Newman’s writings reveal his delight in the lives of the saints. Through them, he understood, we bring alive in our own person the truth of Christianity. Now Newman himself – though he once stated he had “no tendency to be a saint” – is to be canonised
In an essay on St Chrysostom published in 1859, John Henry Newman declared that he delighted in “dwelling on the characters and actions of the Saints of the first ages” as they have “left behind them just that kind of literature which more than any other represents the abundance of the heart”, their “correspondence”; they mixed “up their own persons, natural and supernatural, with the didactive or polemical works that engaged them”.
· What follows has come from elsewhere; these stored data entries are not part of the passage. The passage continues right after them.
lemma square_diff_in_jacobson_if_idempotent:
  assumes "e * e = e" "(j::'a::ring_1) \<in> jacobson"
  shows "(e + j) * (e + j) - (e + j) \<in> jacobson"
proof -
  have "(e + j) * (e + j) - (e + j) = e * j + j * e + j * j - j"
    using assms(1) by (simp add: algebra_simps)
  also have "\<dots> \<in> jacobson"
    using assms(2) by (intro jacobson_add jacobson_diff jacobson_mult_left jacobson_mult_right)
  finally show ?thesis .
qed

text \<open>The unit is \<open>(2e - 1) + j\<close>, and \<open>2e - 1\<close> is its own inverse.\<close>
lemma strongly_clean_if_idempotent_add_jacobson:
  assumes "a = e + j" "e * e = e" "(j::'a::ring_1) \<in> jacobson" "a * e = e * a"
  shows "\<exists>u. a = (1 - e) + u \<and> u \<in> units \<and> (1 - e) * u = u * (1 - e)"
proof (intro exI conjI)
  have "2 * e - 1 \<in> units"
    by (rule units_if_inverse[where v = "2 * e - 1"]) (simp_all add: algebra_simps assms(2) mult_2 mult_2_right)
  then show "(2 * e - 1) + j \<in> units" using assms(3) units_add_jacobson by blast
  show "a = (1 - e) + ((2 * e - 1) + j)" using assms(1) by (simp add: algebra_simps mult_2)
  have "e * j = j * e" using assms(1,2,4) by (simp add: algebra_simps)
  then show "(1 - e) * ((2 * e - 1) + j) = ((2 * e - 1) + j) * (1 - e)"
    by (simp add: algebra_simps mult_2 mult_2_right)
qed

context
  fixes st :: "'a::ring_1 \<Rightarrow> 'a"
  assumes inv: "is_involution st"
begin

lemma st_add: "st (a + b) = st a + st b"
  using inv is_involution_def by blast

lemma st_mult: "st (a * b) = st b * st a"
  using inv is_involution_def by blast

lemma st_st: "st (st a) = a"
  using inv is_involution_def by blast

lemma st_diff: "st (a - b) = st a - st b"
proof -
  have "st (a - b) + st b = st a" using st_add[of "a - b" b] by simp
  then show ?thesis by (simp add: eq_diff_eq)
qed

lemma st_1: "st 1 = 1"
  using st_mult[of 1 "st 1"] by (simp add: st_st)

lemma st_units:
  assumes "u \<in> units"
  shows "st u \<in> units"
proof -
  obtain v where "u * v = 1" "v * u = 1" using assms units_def by blast
  then have "st u * st v = 1" "st v * st u = 1"
    using st_mult[of v u] st_mult[of u v] st_1 by simp_all
  then show ?thesis by (rule units_if_inverse)
qed

lemma st_jacobson:
  assumes "x \<in> jacobson"
  shows "st x \<in> jacobson"
  unfolding mem_jacobson_iff_units_left
proof
  fix r
  have "st (1 - x * st r) \<in> units"
    using assms mem_jacobson_iff_units_right st_units by blast
  then show "1 - r * st x \<in> units" by (simp add: st_diff st_1 st_mult st_st)
qed

lemma projection_one_diff: "projection st e \<Longrightarrow> projection st (1 - e)"
  unfolding projection_def by (simp add: algebra_simps st_diff st_1)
The Fathers “left behind them” a literature manifesting their “vigorous individuality”, works revealing “the presence of one active principle of thought, one individual character, flowing on and into the various matters” discussed. Newman sought always to register the “presence” of the “individual” character – declaring a “preference of the Personal to the Abstract” – and much of his originality as a thinker arose from his inclination to recognise and to vindicate the “Personal” in the life of the mind.
His Essay in Aid of a Grammar of Assent is an attempt to show how there is something irreducibly personal in any effort to discover the truth: the discovery of the truth involves not merely the tracing of “verbal” arguments, but an initiation into a discipline of perceiving and thinking by which the capacity to judge about certain aspects of reality is acquired, a capacity that is a “personal endowment”.